• [What needs to be done]: Only those lines in the data below from the line containing "(\<forall>xs x ys" through the line containing "(\<forall>xs x (c::real).", both included, should be restated word for word.

== Data shown

(* Let $Y$ be a solid vector space, $(X,d)$ a cone metric space over $Y$, $D\subseteq X$ and $T\colon D\to X$. Suppose that for some $x_0\in D$ the Picard iteration $x_{n+1}=Tx_n$ ($n\ge0$) is well defined (i.e. $x_n\in D$ for all $n$) and converges to a point $\xi\in D$. Then each of the following conditions implies that $T\xi=\xi$: (F1) $T$ is continuous at $\xi$; (F2) $T$ has a closed graph, i.e. $\{(x,Tx):x\in D\}$ is closed in $D\times X$; (F3) for some semimonotone norm $\|\cdot\|$ on $Y$, the function $G(x)=\|d(x,Tx)\|$ is lower semicontinuous at $\xi$; (F4) there are real $\alpha,\beta\ge0$ with $d(\xi,T\xi)\preceq\alpha\,d(x,\xi)+\beta\,d(Tx,\xi)$ for each $x\in D$.
   Context: Vector space with convergence: a real vector space $Y$ with a relation $\to$ between sequences in $Y$ and points of $Y$ (uniqueness of limits not assumed) such that (C1) $x_n\to x$, $y_n\to y$ imply $x_n+y_n\to x+y$; (C2) $x_n\to x$, $\lambda\in\mathbb R$ imply $\lambda x_n\to\lambda x$; (C3) $\lambda_n\to\lambda$ in $\mathbb R$ imply $\lambda_n x\to\lambda x$. $A\subseteq Y$ is open if $x_n\to x\in A$ implies $x_n\in A$ for all but finitely many $n$; closed if $x_n\to x$, $x_n\in A$ $\forall n$ imply $x\in A$; $A^\circ$ is the union of all open subsets of $A$. A cone is a nonempty closed $K$ with $\lambda K\subseteq K$ ($\lambda\ge0$), $K+K\subseteq K$, $K\cap(-K)=\{0\}$; solid if $K\ne\{0\}$, $K^\circ\ne\emptyset$. A vector ordering is a partial order $\preceq$ with (V1) $x\preceq y\Rightarrow x+z\preceq y+z$; (V2) $\lambda\ge0$, $x\preceq y\Rightarrow\lambda x\preceq\lambda y$; (V3) $x_n\to x$, $y_n\to y$, $x_n\preceq y_n$ $\forall n\Rightarrow x\preceq y$. Solid vector space: positive cone $K=\{x:x\succeq0\}$ solid, with $x\prec y$ iff $y-x\in K^\circ$. A norm $\|\cdot\|$ on $Y$ is semimonotone if there is $C>0$ with $\|x\|\le C\|y\|$ whenever $0\preceq x\preceq y$. Cone metric space over $Y$: nonempty $X$ with $d\colon X\times X\to Y$, $d(x,y)\succeq0$, $d(x,y)=0$ iff $x=y$, $d(x,y)=d(y,x)$, $d(x,y)\preceq d(x,z)+d(z,y)$. $X$ carries the topology with basis $U(x,r)=\{y:d(y,x)\prec r\}$ ($r\succ0$); $x_n\to x$ iff for every $c\succ0$, $d(x_n,x)\prec c$ for all but finitely many $n$. Continuity and lower semicontinuity refer to this topology (restricted to $D$). *)

theory Defs
  imports "HOL-Analysis.Analysis"
begin

definition vs_conv :: "((nat \<Rightarrow> 'y::real_vector) \<Rightarrow> 'y \<Rightarrow> bool) \<Rightarrow> bool" where
  "vs_conv conv \<longleftrightarrow>
     (\<forall>xs x ys y. conv xs x \<and> conv ys y \<longrightarrow> conv (\<lambda>n. xs n + ys n) (x + y)) \<and>
     (\<forall>xs x (c::real). conv xs x \<longrightarrow> conv (\<lambda>n. c *\<^sub>R xs n) (c *\<^sub>R x)) \<and>
     (\<forall>(ls::nat \<Rightarrow> real) l x. ls \<longlonglongrightarrow> l \<longrightarrow> conv (\<lambda>n. ls n *\<^sub>R x) (l *\<^sub>R x))"

definition vs_open :: "((nat \<Rightarrow> 'y) \<Rightarrow> 'y \<Rightarrow> bool) \<Rightarrow> 'y set \<Rightarrow> bool" where
  "vs_open conv A \<longleftrightarrow> (\<forall>xs x. conv xs x \<and> x \<in> A \<longrightarrow> (\<forall>\<^sub>F n in sequentially. xs n \<in> A))"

====

• [Answer to the problem]:
     (\<forall>xs x ys y. conv xs x \<and> conv ys y \<longrightarrow> conv (\<lambda>n. xs n + ys n) (x + y)) \<and>
     (\<forall>xs x (c::real). conv xs x \<longrightarrow> conv (\<lambda>n. c *\<^sub>R xs n) (c *\<^sub>R x)) \<and>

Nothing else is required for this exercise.